(Source records)
┌──

text \<open>As in Fekete's lemma, ln (a n) / n bounds the growth rate of a submultiplicative
  sequence from above, via the subsequence a (k n).\<close>
lemma submultiplicative_exp_growth_le:
  fixes a :: "nat \<Rightarrow> real"
  assumes pos: "\<And>n. 0 < a n" and submult: "\<And>m n. a (m + n) \<le> a m * a n"
    and lim: "(\<lambda>n. ln (a n) / real n) \<longlonglongrightarrow> L"
  shows "exp (real n * L) \<le> a n"
proof (cases "n = 0")
  case True
  have "a 0 * 1 \<le> a 0 * a 0" using submult[of 0 0] by simp
  then show ?thesis using True pos[of 0] by (simp add: mult_le_cancel_left_pos)
next
  case False
  have bound: "ln (a (Suc k * n)) / real (Suc k * n) \<le> ln (a n) / real n" for k
  proof -
    have "ln (a (Suc k * n)) \<le> ln (a n ^ Suc k)"
      using submultiplicative_power_bound[OF pos submult] pos by simp
    also have "\<dots> = real (Suc k) * ln (a n)"
      using pos[of n] by (simp add: ln_realpow del: power_Suc of_nat_Suc)
    finally have "ln (a (Suc k * n)) / real (Suc k * n)
        \<le> real (Suc k) * ln (a n) / real (Suc k * n)"
      by (rule divide_right_mono) simp
    also have "\<dots> = ln (a n) / real n"
      using False by (simp only: of_nat_mult) (simp del: of_nat_Suc)
    finally show ?thesis .
  qed
  have "strict_mono (\<lambda>k. Suc k * n)"
    using False by (auto simp: strict_mono_def)
  then have "(\<lambda>k. ln (a (Suc k * n)) / real (Suc k * n)) \<longlonglongrightarrow> L"
    using LIMSEQ_subseq_LIMSEQ[OF lim] unfolding comp_def by blast
  then have "L \<le> ln (a n) / real n"
    using LIMSEQ_le_const2 bound by blast
  then have "real n * L \<le> ln (a n)"
    using False by (simp add: field_simps)
  then show ?thesis
    using pos[of n] by (metis exp_le_cancel_iff exp_ln)
qed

└──

(Work item) Every entry is to be transcribed exactly as it stands.

(Your solution)
text \<open>As in Fekete's lemma, ln (a n) / n bounds the growth rate of a submultiplicative
  sequence from above, via the subsequence a (k n).\<close>
lemma submultiplicative_exp_growth_le:
  fixes a :: "nat \<Rightarrow> real"
  assumes pos: "\<And>n. 0 < a n" and submult: "\<And>m n. a (m + n) \<le> a m * a n"
    and lim: "(\<lambda>n. ln (a n) / real n) \<longlonglongrightarrow> L"
  shows "exp (real n * L) \<le> a n"
proof (cases "n = 0")
  case True
  have "a 0 * 1 \<le> a 0 * a 0" using submult[of 0 0] by simp
  then show ?thesis using True pos[of 0] by (simp add: mult_le_cancel_left_pos)
next
  case False
  have bound: "ln (a (Suc k * n)) / real (Suc k * n) \<le> ln (a n) / real n" for k
  proof -
    have "ln (a (Suc k * n)) \<le> ln (a n ^ Suc k)"
      using submultiplicative_power_bound[OF pos submult] pos by simp
    also have "\<dots> = real (Suc k) * ln (a n)"
      using pos[of n] by (simp add: ln_realpow del: power_Suc of_nat_Suc)
    finally have "ln (a (Suc k * n)) / real (Suc k * n)
        \<le> real (Suc k) * ln (a n) / real (Suc k * n)"
      by (rule divide_right_mono) simp
    also have "\<dots> = ln (a n) / real n"
      using False by (simp only: of_nat_mult) (simp del: of_nat_Suc)
    finally show ?thesis .
  qed
  have "strict_mono (\<lambda>k. Suc k * n)"
    using False by (auto simp: strict_mono_def)
  then have "(\<lambda>k. ln (a (Suc k * n)) / real (Suc k * n)) \<longlonglongrightarrow> L"
    using LIMSEQ_subseq_LIMSEQ[OF lim] unfolding comp_def by blast
  then have "L \<le> ln (a n) / real n"
    using LIMSEQ_le_const2 bound by blast
  then have "real n * L \<le> ln (a n)"
    using False by (simp add: field_simps)
  then show ?thesis
    using pos[of n] by (metis exp_le_cancel_iff exp_ln)
qed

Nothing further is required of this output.